I suggest adding appropriate rpaths to the various libnvqir-<backend>-.so files at build time via CMake. These shouldn't interfere with standard (non pip/PyPi) system-wide install scenarios and will fix PyPi install scenarios.

I also suggest adding nvidia-cublas-cu11 as a dependency

Answer 1 · 2024-05-02T16:57:58.000Z

Hi @JLHelm - the reason this approach will not work for us right now is because the following PyPi packages do not have aarch64 support.

nvidia-cublas-cu11 (needed by libnvqir-custatevec-*.so)
nvidia-cusolver-cu11 (needed by libnvqir-tensornet-*.so)
nvidia-cuda-runtime-cu11 (needed by libnvqir-tensornet-*.so)

The instructions provided on the cuda-quantum PyPi project were written to work for both x86_64 environments and aarch64 environments.

Answer 2 · 2024-05-02T17:59:37.000Z

Hi @bmhowe23

I see that would block adding the cublas dependency.

Would adding the rpaths cause any problems though? It would simplify the x86_64 installation(?)

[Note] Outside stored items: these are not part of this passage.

text \<open>Conventions: time t :: nat; x t i is the state of agent i at time t;
 r t j i is the vector x_ji(t) received by agent i from agent j at time t;
 M t i is the set M_i(t) of retained senders.\<close>

definition Lset :: "nat set \<Rightarrow> (nat \<Rightarrow> nat \<Rightarrow> nat set) \<Rightarrow> nat \<Rightarrow> nat \<Rightarrow> nat set" where
  "Lset H M i t = M t i \<inter> (H - {i})"

definition Fset :: "nat set \<Rightarrow> (nat \<Rightarrow> nat \<Rightarrow> nat set) \<Rightarrow> nat \<Rightarrow> nat \<Rightarrow> nat set" where
  "Fset H M i t = M t i - Lset H M i t"

definition evec :: "nat set \<Rightarrow> (nat \<Rightarrow> nat \<Rightarrow> nat set) \<Rightarrow> (nat \<Rightarrow> nat \<Rightarrow> 'v::real_vector)
    \<Rightarrow> (nat \<Rightarrow> nat \<Rightarrow> nat \<Rightarrow> 'v) \<Rightarrow> nat \<Rightarrow> nat \<Rightarrow> 'v" where
  "evec H M x r i t = (\<Sum>j\<in>Fset H M i t. x t i - r t j i)
                     - (\<Sum>j\<in>(H - {i}) - Lset H M i t. x t i - r t j i)"

definition Sval :: "nat set \<Rightarrow> (nat \<Rightarrow> nat \<Rightarrow> nat set) \<Rightarrow> (nat \<Rightarrow> nat \<Rightarrow> 'v::real_inner)
    \<Rightarrow> (nat \<Rightarrow> nat \<Rightarrow> nat \<Rightarrow> 'v) \<Rightarrow> 'v \<Rightarrow> nat \<Rightarrow> nat \<Rightarrow> real" where
  "Sval H M x r xs i t = (1/2) * (\<Sum>j\<in>H. (norm (x t i - x t j))\<^sup>2)
                         + inner (x t i - xs) (evec H M x r i t)"

definition phi :: "(nat \<Rightarrow> nat \<Rightarrow> nat set) \<Rightarrow> (nat \<Rightarrow> nat \<Rightarrow> 'v::real_inner)
    \<Rightarrow> (nat \<Rightarrow> nat \<Rightarrow> nat \<Rightarrow> 'v) \<Rightarrow> 'v \<Rightarrow> nat \<Rightarrow> nat \<Rightarrow> real" where
  "phi M x r xs i t = inner (x t i - xs) (\<Sum>j\<in>M t i. x t i - r t j i)"

end
(* Let $X$ be a real normed space, let $C$ be a non-empty convex subset of $X$, and let $f:X\times X\to\mathbb{R}$ be a bifunction such that for each $x\in C$ the function $f(x,\cdot)$ is lower semicontinuous. If $f$ is properly quasi-monotone on $C$, then $f$ has the star finite intersection property (fip$^*$) on $C$.
   Context: A bifunction $f:X\times X\to\mathbb{R}$ is properly quasi-monotone on a convex set $C\subset X$ if for every finite non-empty subset $A$ of $C$ and every $x\in\operatorname{co}(A)$ (the convex hull of $A$) one has $\min_{a\in A} f(a,x)\leq 0$. The bifunction $f$ has the star finite intersection property (fip$^*$) on a convex set $C\subset X$ if for every finite non-empty subset $A$ of $C$ there exists $x\in\operatorname{co}(A)$ such that $\max_{a\in A} f(a,x)\leq 0$. *)

theory Defs
  imports "HOL-Analysis.Analysis"
begin

definition lsc :: "('a::topological_space \<Rightarrow> real) \<Rightarrow> bool" where
  "lsc g \<longleftrightarrow> (\<forall>t::real. closed {y. g y \<le> t})"

definition properly_quasi_monotone :: "('a::real_vector \<Rightarrow> 'a \<Rightarrow> real) \<Rightarrow> 'a set \<Rightarrow> bool" where
  "properly_quasi_monotone f C \<longleftrightarrow>
     (\<forall>A. finite A \<and> A \<noteq> {} \<and> A \<subseteq> C \<longrightarrow> (\<forall>x \<in> convex hull A. Min ((\<lambda>a. f a x) ` A) \<le> 0))"

definition fip_star :: "('a::real_vector \<Rightarrow> 'a \<Rightarrow> real) \<Rightarrow> 'a set \<Rightarrow> bool" where
  "fip_star f C \<longleftrightarrow>
     (\<forall>A. finite A \<and> A \<noteq> {} \<and> A \<subseteq> C \<longrightarrow> (\<exists>x \<in> convex hull A. Max ((\<lambda>a. f a x) ` A) \<le> 0))"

Answer 3 · 2024-05-03T12:37:45.000Z

Yes, that's true. And it appears that pip wheels can have architecture-specific dependencies, so that might simplify the x86_64 installation procedure without impacting the aarch64 installation procedure. We'll investigate further using #1602 for now.

Answer 4 · 2024-05-03T14:02:37.000Z

Thanks @bmhowe23. Much appreciated.

Answer 5 · 2024-05-03T22:15:33.000Z

Hi @JLHelm - there is some concern about setting the rpath to a directory outside of our own package. For example, that would not cover the case where the user has preinstalled some pip packages at the system level and cuda-quanum is installed at the user level. E.g.

# This will place the cuQuantum libs in /usr/local/lib/python3.10/dist-packages/cuquantum/lib/
$ sudo pip install cuquantum-cu11

# This will place the CUDA-Q libs in $USER/.local/lib/python3.10/site-packages/lib/, so the $ORIGIN/../cuquantum/lib/ rpath would not work.
$ pip install --user cuda-quantum

The key point is that pip packages need to honor system-level packages, user-level packages, and various virtual environment configurations where some packages may be in one place and other packages are in entirely different places. Relative paths that go outside of a single package cannot support all of those configurations.

So I guess my question is - did you specifically care about the rpath, or did you just want a plain pip install cuda-quantum to work without any conda dependencies? If it's the latter, I think the current changes in #1602 may work for you (and would definitely improve our x86 user experience w/ installation issues), but if it's the former, that may not lend itself to a multi-location package system like pip.

Answer 6 · 2024-05-04T17:17:43.000Z

Hi @bmhowe23,

It's the latter; so long as it installs all requirements and links when it runs I'm very happy.

I like your solution more anyway. I had thought to solve the site-/dist- packages problem (in my code) by just adding additional rpaths, but your method looks more pythonic and deterministic so I'll probably try it for myself!

Thanks.

Answer 7 · 2024-05-16T20:31:32.000Z

Hi @bmhowe23

FYI I have now managed to thoroughly test and implement similar changes via __init__.py in my project and all works well.

Thanks again.